3.The particularity of the impact of workpiece hardness on PCBN tool life When cutting hardened steels with different hardnesses, as the hardness of the processed material increases, PCBN tool life does not decrease monotonously, but the tool life is the lowest at 40HRC. When the workpiece material has a high hardness After this hardness, PCBN tool life increases instead. When the hardness is lower than this hardness, PCBN tool life is lower than that of cemented carbide tools. This is mainly due to the small hardness loss of PCBN material at high temperature, while the hardness loss of the processed material is relatively large. The characteristic of PCBN is very suitable for processing high-hardness materials. The most representative one is the technology of turning instead of grinding in hard cutting to obtain the surface quality that can only be obtained by grinding in the past. At present, this cutting technology called “Red Crescent” (Red Crescent) is being researched and promoted.

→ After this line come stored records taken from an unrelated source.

lemma (in prob_space) exp_moment_le_local_plus_tails:
  fixes Z :: "'a \<Rightarrow> real"
  assumes [measurable]: "Z \<in> borel_measurable M" and "0 < t" "0 \<le> \<eta>"
    and int: "integrable M (\<lambda>\<omega>. exp (\<theta> * Z \<omega>))" "integrable M (\<lambda>\<omega>. exp ((\<theta> + \<eta>) * Z \<omega>))"
      "integrable M (\<lambda>\<omega>. exp ((\<theta> + - \<eta>) * Z \<omega>))"
  shows "(\<integral>\<omega>. exp (\<theta> * Z \<omega>) \<partial>M)
    \<le> prob {\<omega>\<in>space M. \<bar>Z \<omega> / t - x\<bar> < \<delta>} * exp (t * (\<theta> * x + \<bar>\<theta>\<bar> * \<delta>))
      + exp (- t * (\<eta> * x + \<eta> * \<delta>)) * (\<integral>\<omega>. exp ((\<theta> + \<eta>) * Z \<omega>) \<partial>M)
      + exp (- t * (- \<eta> * x + \<eta> * \<delta>)) * (\<integral>\<omega>. exp ((\<theta> + - \<eta>) * Z \<omega>) \<partial>M)"
proof -
  define A where "A = {\<omega>\<in>space M. \<bar>Z \<omega> / t - x\<bar> < \<delta>}"
  define above where "above = {\<omega>\<in>space M. t * (x + \<delta>) \<le> Z \<omega>}"
  define below where "below = {\<omega>\<in>space M. Z \<omega> \<le> t * (x - \<delta>)}"
  have [measurable]: "A \<in> sets M" "above \<in> sets M" "below \<in> sets M"
    unfolding A_def above_def below_def by measurable
  define c where "c = exp (t * (\<theta> * x + \<bar>\<theta>\<bar> * \<delta>))"
  have pw: "exp (\<theta> * Z \<omega>) \<le> indicator A \<omega> * c + indicator above \<omega> * exp (\<theta> * Z \<omega>)
      + indicator below \<omega> * exp (\<theta> * Z \<omega>)" if \<omega>: "\<omega> \<in> space M" for \<omega>
  proof (cases "\<omega> \<in> A")
    case True
    have "\<theta> * (Z \<omega> / t - x) \<le> \<bar>\<theta>\<bar> * \<bar>Z \<omega> / t - x\<bar>"
      by (metis abs_ge_self abs_mult)
    also have "\<dots> \<le> \<bar>\<theta>\<bar> * \<delta>"
      using True by (intro mult_left_mono) (auto simp: A_def)
    finally have "t * (\<theta> * (Z \<omega> / t - x)) \<le> t * (\<bar>\<theta>\<bar> * \<delta>)"
      using \<open>0 < t\<close> by (intro mult_left_mono) auto
    then have "\<theta> * Z \<omega> \<le> t * (\<theta> * x + \<bar>\<theta>\<bar> * \<delta>)"
      using \<open>0 < t\<close> by (simp add: algebra_simps)
    then show ?thesis using True by (auto simp: c_def indicator_def)
  next
    case False
    then have "x + \<delta> \<le> Z \<omega> / t \<or> Z \<omega> / t \<le> x - \<delta>"
      using \<omega> by (auto simp: A_def)
    then have "\<omega> \<in> above \<or> \<omega> \<in> below"
      using \<omega> \<open>0 < t\<close> by (auto simp: above_def below_def field_simps)
    then show ?thesis by (auto simp: indicator_def c_def)
  qed
  have "\<eta> * (t * (x + \<delta>)) \<le> \<eta> * Z \<omega>" if "\<omega> \<in> above" for \<omega>
    using that \<open>0 \<le> \<eta>\<close> by (auto simp: above_def intro: mult_left_mono)
  note tilt_above = indicator_exp_tilt[OF assms(1) int(2) \<open>above \<in> sets M\<close> this]
  have "- \<eta> * (t * (x - \<delta>)) \<le> - \<eta> * Z \<omega>" if "\<omega> \<in> below" for \<omega>
    using that \<open>0 \<le> \<eta>\<close> by (auto simp: below_def intro: mult_left_mono)
  note tilt_below = indicator_exp_tilt[OF assms(1) int(3) \<open>below \<in> sets M\<close> this]
  have "integrable M (indicator A :: 'a \<Rightarrow> real)"
    by (rule integrable_real_indicator) (auto simp: less_top[symmetric])
  then have int_A: "integrable M (\<lambda>\<omega>. indicator A \<omega> * c)" by simp
  have "(\<integral>\<omega>. exp (\<theta> * Z \<omega>) \<partial>M) \<le> (\<integral>\<omega>. indicator A \<omega> * c + indicator above \<omega> * exp (\<theta> * Z \<omega>)
      + indicator below \<omega> * exp (\<theta> * Z \<omega>) \<partial>M)"
    by (intro integral_mono_AE int Bochner_Integration.integrable_add int_A tilt_above(1) tilt_below(1) AE_I2 pw)
  also have "\<dots> = prob A * c + (\<integral>\<omega>. indicator above \<omega> * exp (\<theta> * Z \<omega>) \<partial>M)
      + (\<integral>\<omega>. indicator below \<omega> * exp (\<theta> * Z \<omega>) \<partial>M)"
    using int_A tilt_above(1) tilt_below(1) by simp
  also have "\<dots> \<le> prob A * c + exp (- \<eta> * (t * (x + \<delta>))) * (\<integral>\<omega>. exp ((\<theta> + \<eta>) * Z \<omega>) \<partial>M)
      + exp (- (- \<eta>) * (t * (x - \<delta>))) * (\<integral>\<omega>. exp ((\<theta> + - \<eta>) * Z \<omega>) \<partial>M)"
    using tilt_above(2) tilt_below(2) by (intro add_mono order.refl)
  finally show ?thesis by (simp add: A_def c_def algebra_simps)
qed
lemma bij_cut_positions:
  "bij_betw (\<lambda>((u1, v1), (u2, v2)). ((u1 @ u2, v2 @ v1), (length u1, length v2))) UNIV
     {(W, ij). fst ij \<le> length (fst W) \<and> snd ij \<le> length (snd W)}"
  by (rule bij_betwI[where g = "\<lambda>((w1, w2), (i, j)). ((take i w1, drop j w2), (drop i w1, take j w2))"])
     (auto split: prod.splits)

lemma tnorm_tmult:
  assumes "a \<ge> 0" "c \<ge> 0"
  shows "tnorm a c (tmult X Y) \<le> tnorm a c X * tnorm a c Y"
proof -
  define fX where "fX p = ennreal (cmod (X p) * weight a c p)" for p
  define fY where "fY p = ennreal (cmod (Y p) * weight a c p)" for p
  define Cuts where "Cuts = {(W :: nat list \<times> nat list, ij :: nat \<times> nat).
     fst ij \<le> length (fst W) \<and> snd ij \<le> length (snd W)}"
  define G where "G = (\<lambda>(W :: nat list \<times> nat list, (i :: nat, j :: nat)).
     fX (take i (fst W), drop j (snd W)) * fY (drop i (fst W), take j (snd W)))"
  have "tnorm a c (tmult X Y) \<le> esum (\<lambda>W. esum (\<lambda>ij. G (W, ij) * indicator Cuts (W, ij)))"
    unfolding tnorm_def
  proof (rule esum_mono)
    fix W :: "nat list \<times> nat list"
    obtain w1 w2 where W: "W = (w1, w2)" by fastforce
    have "esum (\<lambda>ij. G (W, ij) * indicator Cuts (W, ij))
        = (\<Sum>ij\<in>{..length w1} \<times> {..length w2}. G (W, ij) * indicator Cuts (W, ij))"
      by (rule esum_finite) (auto simp: Cuts_def W indicator_def)
    also have "\<dots> = (\<Sum>i\<le>length w1. \<Sum>j\<le>length w2. G (W, (i, j)))"
      unfolding sum.cartesian_product by (rule sum.cong) (auto simp: Cuts_def W)
    finally show "ennreal (cmod (tmult X Y W) * weight a c W)
        \<le> esum (\<lambda>ij. G (W, ij) * indicator Cuts (W, ij))"
      using tmult_pointwise[OF assms, of X Y w1 w2] by (simp add: W G_def fX_def fY_def)
  qed
  also have "\<dots> = esum (\<lambda>z. G z * indicator Cuts z)"
    by (rule esum_pair_fst)
  also have "\<dots> = (\<integral>\<^sup>+z. G z \<partial>count_space Cuts)"
    by (simp add: nn_integral_count_space_indicator)
  also have "\<dots> = esum (\<lambda>z. G ((\<lambda>((u1, v1), (u2, v2)). ((u1 @ u2, v2 @ v1), (length u1, length v2))) z))"
    by (rule nn_integral_bij_count_space[symmetric]) (use bij_cut_positions in \<open>simp add: Cuts_def\<close>)
  also have "\<dots> = esum (\<lambda>x. esum (\<lambda>y. fX x * fY y))"
    by (simp add: esum_pair_fst[of "\<lambda>z. fX (fst z) * fY (snd z)", simplified] G_def split_beta)
  also have "\<dots> = esum fX * esum fY"
    by (simp add: esum_cmult mult.commute[of _ "esum fY"])
  finally show ?thesis by (simp add: tnorm_def fX_def fY_def)
qed

section \<open>Matrices over the tensor product\<close>

definition mnorm :: "nat \<Rightarrow> real \<Rightarrow> real \<Rightarrow> tmat \<Rightarrow> ennreal" where
  "mnorm n a c M = (\<Sum>i<n. \<Sum>k<n. tnorm a c (M i k))"

definition mpow :: "nat \<Rightarrow> nat \<Rightarrow> tmat \<Rightarrow> tmat" where
  "mpow n k M = foldr (mat_mult n) (replicate k M) mat_one"

definition mdiff :: "tmat \<Rightarrow> tmat \<Rightarrow> tmat" where
  "mdiff M N = (\<lambda>i k x. M i k x - N i k x)"

definition mtrace :: "nat \<Rightarrow> tmat \<Rightarrow> ncpoly2" where
  "mtrace n M = (\<lambda>x. \<Sum>i<n. M i i x)"

lemma mnorm_mult:
  assumes "a \<ge> 0" "c \<ge> 0"
  shows "mnorm n a c (mat_mult n M N) \<le> mnorm n a c M * mnorm n a c N"
proof -
  have "mnorm n a c (mat_mult n M N) \<le> (\<Sum>i<n. \<Sum>k<n. \<Sum>j<n. tnorm a c (M i j) * tnorm a c (N j k))"
    unfolding mnorm_def mat_mult_def
    by (intro sum_mono order_trans[OF tnorm_sum[OF assms]] tnorm_tmult[OF assms])
  also have "\<dots> \<le> (\<Sum>i<n. \<Sum>k<n. \<Sum>j<n. tnorm a c (M i j) * (\<Sum>j'<n. tnorm a c (N j' k)))"
    by (intro sum_mono mult_left_mono) (auto intro: member_le_sum)
  also have "\<dots> = (\<Sum>i<n. \<Sum>j<n. \<Sum>k<n. tnorm a c (M i j) * (\<Sum>j'<n. tnorm a c (N j' k)))"
    by (rule sum.cong[OF refl], rule sum.swap)
  also have "\<dots> = (\<Sum>i<n. \<Sum>j<n. tnorm a c (M i j) * (\<Sum>k<n. \<Sum>j'<n. tnorm a c (N j' k)))"
    by (simp add: sum_distrib_left)
  also have "\<dots> = (\<Sum>i<n. \<Sum>j<n. tnorm a c (M i j)) * (\<Sum>k<n. \<Sum>j'<n. tnorm a c (N j' k))"
    by (simp add: sum_distrib_right)
  also have "(\<Sum>k<n. \<Sum>j'<n. tnorm a c (N j' k)) = mnorm n a c N"
    unfolding mnorm_def by (rule sum.swap)
  finally show ?thesis by (simp only: mnorm_def)
qed

lemma mnorm_add:
  assumes "a \<ge> 0" "c \<ge> 0"
  shows "mnorm n a c (\<lambda>i k x. M i k x + N i k x) \<le> mnorm n a c M + mnorm n a c N"
  unfolding mnorm_def by (simp add: sum.distrib[symmetric] sum_mono tnorm_add[OF assms])

lemma tnorm_mtrace:
  assumes "a \<ge> 0" "c \<ge> 0"
  shows "tnorm a c (mtrace n M) \<le> mnorm n a c M"
  unfolding mnorm_def mtrace_def
  by (rule order_trans[OF tnorm_sum[OF assms]], rule sum_mono, rule member_le_sum) auto
lemma bij_betw_nmul_nconst:
  assumes "a \<noteq> 0"
  shows "bij_betw (nmul \<sigma> m d (nconst a)) (range nconst) (range nconst)"
  by (rule bij_betw_byWitness[where f' = "nmul \<sigma> m d (nconst (inverse a))"])
     (auto simp: nmul_nconst_nconst assms mult.assoc[symmetric])

lemma assoc_div_subalg_nconst:
  "assoc_div_subalg (ncarrier m) (nmul \<sigma> m d) (nconst 1) (range nconst)"
  unfolding assoc_div_subalg_def
proof (intro conjI ballI impI)
  have nadd_nconst: "nadd (nconst a) (nconst b) = nconst (a + b)" for a b
    by (auto simp: nadd_def nconst_def)
  have uminus_nconst: "(\<lambda>n. - nconst a n) = nconst (- a)" for a
    by (auto simp: nconst_def)
  show "range nconst \<subseteq> ncarrier m" "nconst 1 \<in> range nconst"
    using nconst_in_ncarrier[OF m_pos] by auto
  show "nadd x y \<in> range nconst" "nmul \<sigma> m d x y \<in> range nconst"
    if "x \<in> range nconst" "y \<in> range nconst" for x y
    using that by (auto simp: nadd_nconst nmul_nconst_nconst)
  show "(\<lambda>n. - x n) \<in> range nconst" if "x \<in> range nconst" for x
    using that by (auto simp: uminus_nconst)
  show "nmul \<sigma> m d (nmul \<sigma> m d x y) z = nmul \<sigma> m d x (nmul \<sigma> m d y z)"
    if "x \<in> range nconst" "y \<in> range nconst" "z \<in> range nconst" for x y z
    using that by (auto simp: nmul_nconst_nconst mult.assoc)
  have "nconst 1 \<noteq> (\<lambda>n. 0 :: 'k)"
    by (auto simp: nconst_def fun_eq_iff)
  then show "range nconst \<noteq> {\<lambda>n. 0 :: 'k}"
    by blast
next
  fix x :: "nat \<Rightarrow> 'k" assume "x \<in> range nconst" "x \<noteq> (\<lambda>n. 0)"
  then obtain a where x: "x = nconst a" and "a \<noteq> 0"
    by (metis nconst_def rangeE)
  then show "bij_betw (nmul \<sigma> m d x) (range nconst) (range nconst)"
    using bij_betw_nmul_nconst by simp
  have "nmul \<sigma> m d y x = nmul \<sigma> m d x y" if "y \<in> range nconst" for y
    using that by (auto simp: x nmul_nconst_nconst mult.commute)
  then have "bij_betw (\<lambda>y. nmul \<sigma> m d y x) (range nconst) (range nconst) =
      bij_betw (nmul \<sigma> m d x) (range nconst) (range nconst)"
    by (rule bij_betw_cong)
  then show "bij_betw (\<lambda>y. nmul \<sigma> m d y x) (range nconst) (range nconst)"
    using \<open>bij_betw (nmul \<sigma> m d x) (range nconst) (range nconst)\<close> by simp
qed

lemma sum_nmul_nconst_tpow:
  "(\<lambda>n. \<Sum>i<m. nmul \<sigma> m d (nconst (a i)) (tpow i) n) = (\<lambda>n. if n < m then a n else 0)"
proof
  fix n
  have "(\<Sum>i<m. nmul \<sigma> m d (nconst (a i)) (tpow i) n) = (\<Sum>i<m. if i = n then a i else 0)"
    by (intro sum.cong refl) (simp add: nmul_nconst[OF tpow_in_ncarrier], simp add: tpow_def)
  then show "(\<Sum>i<m. nmul \<sigma> m d (nconst (a i)) (tpow i) n) = (if n < m then a n else 0)"
    by simp
qed

lemma free_left_module_nconst: "free_left_module (ncarrier m) (nmul \<sigma> m d) (range nconst) m"
  unfolding free_left_module_def
proof (rule exI[of _ tpow], intro conjI allI ballI impI)
  show "i < m \<Longrightarrow> tpow i \<in> ncarrier m" for i
    by (rule tpow_in_ncarrier)
  fix x :: "nat \<Rightarrow> 'k" assume "x \<in> ncarrier m"
  then show "\<exists>c. (\<forall>i<m. c i \<in> range nconst) \<and> x = (\<lambda>n. \<Sum>i<m. nmul \<sigma> m d (c i) (tpow i) n)"
    by (intro exI[of _ "\<lambda>i. nconst (x i)"]) (auto simp: sum_nmul_nconst_tpow ncarrier_def fun_eq_iff)
next
  fix c i assume c: "(\<forall>i<m. c i \<in> range nconst) \<and> (\<lambda>n. \<Sum>i<m. nmul \<sigma> m d (c i) (tpow i) n) = (\<lambda>n. 0)"
    and "i < m"
  have c_nconst: "c j = nconst (c j 0)" if j: "j < m" for j
  proof -
    obtain b where "c j = nconst b" using c j by blast
    then show ?thesis by (simp add: nconst_def)
  qed
  have "(\<lambda>n. \<Sum>j<m. nmul \<sigma> m d (c j) (tpow j) n) =
      (\<lambda>n. \<Sum>j<m. nmul \<sigma> m d (nconst (c j 0)) (tpow j) n)"
    by (intro ext sum.cong refl) (metis c_nconst lessThan_iff)
  with c have "(\<lambda>n. if n < m then c n 0 else 0) = (\<lambda>n. 0)"
    unfolding sum_nmul_nconst_tpow by simp
  from fun_cong[OF this, of i] \<open>i < m\<close> have "c i 0 = 0" by simp
  with c_nconst[OF \<open>i < m\<close>] show "c i = (\<lambda>n. 0)" by (simp add: nconst_def)
qed

end

theorem theorem2p3:
  fixes F :: "'k::field set" and \<sigma> :: "'k \<Rightarrow> 'k" and m :: nat and d \<omega> :: 'k
  assumes "m \<ge> 2"
    and "cyclic_galois F \<sigma> m"
    and "\<omega> \<in> F" and "primitive_root \<omega> m"
    and "d \<notin> F"
    and "division_alg (ncarrier m) (nmul \<sigma> m d)"
  shows "nacyc_ext F (ncarrier m) (nmul \<sigma> m d) (nconst 1) (range nconst) m \<and>
         cyc_ext_group F (ncarrier m) (nmul \<sigma> m d) (range nconst) m
           (cyc_gen (ncarrier m) (Hk \<sigma> m \<omega>))"
proof -
  have "\<sigma> = \<sigma> ^^ 1" by simp
  then have "\<sigma> \<in> Gal F"
    using assms(2) unfolding cyclic_galois_def by blast
  then have "field_aut \<sigma>" and "\<sigma> \<omega> = \<omega>"
    using assms(3) by (auto simp: Gal_def)
  then interpret skew_cyclic \<sigma> m d
    using field_aut_skew_endo assms(1) by (simp add: skew_cyclic_def skew_cyclic_axioms_def)
  have G: "cyc_ext_group F (ncarrier m) (nmul \<sigma> m d) (range nconst) m (cyc_gen (ncarrier m) (Hk \<sigma> m \<omega>))"
    using cyc_ext_group_Hk \<open>\<sigma> \<omega> = \<omega>\<close> assms(1,4) by blast
  then show ?thesis
    unfolding nacyc_ext_def
    using assms(6) assoc_div_subalg_nconst free_left_module_nconst by blast
qed

end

4. PCBN tool life is high at high speed. When the cutting speed exceeds a certain limit, the higher the cutting speed, the higher the cutting temperature, the lower the hardness of the processed material, and the wear speed of PCBN tools will decrease, that is, the life of PCBN tools at high speeds is higher than that at low speeds. . Therefore, PCBN tools are most suitable for high-speed cutting of high-hardness materials. At present, high-speed and ultra-high-speed cutting technology has shown its superiority. As an advanced manufacturing technology, it has been widely valued. PCBN is the most promising tool material for high-speed cutting technology.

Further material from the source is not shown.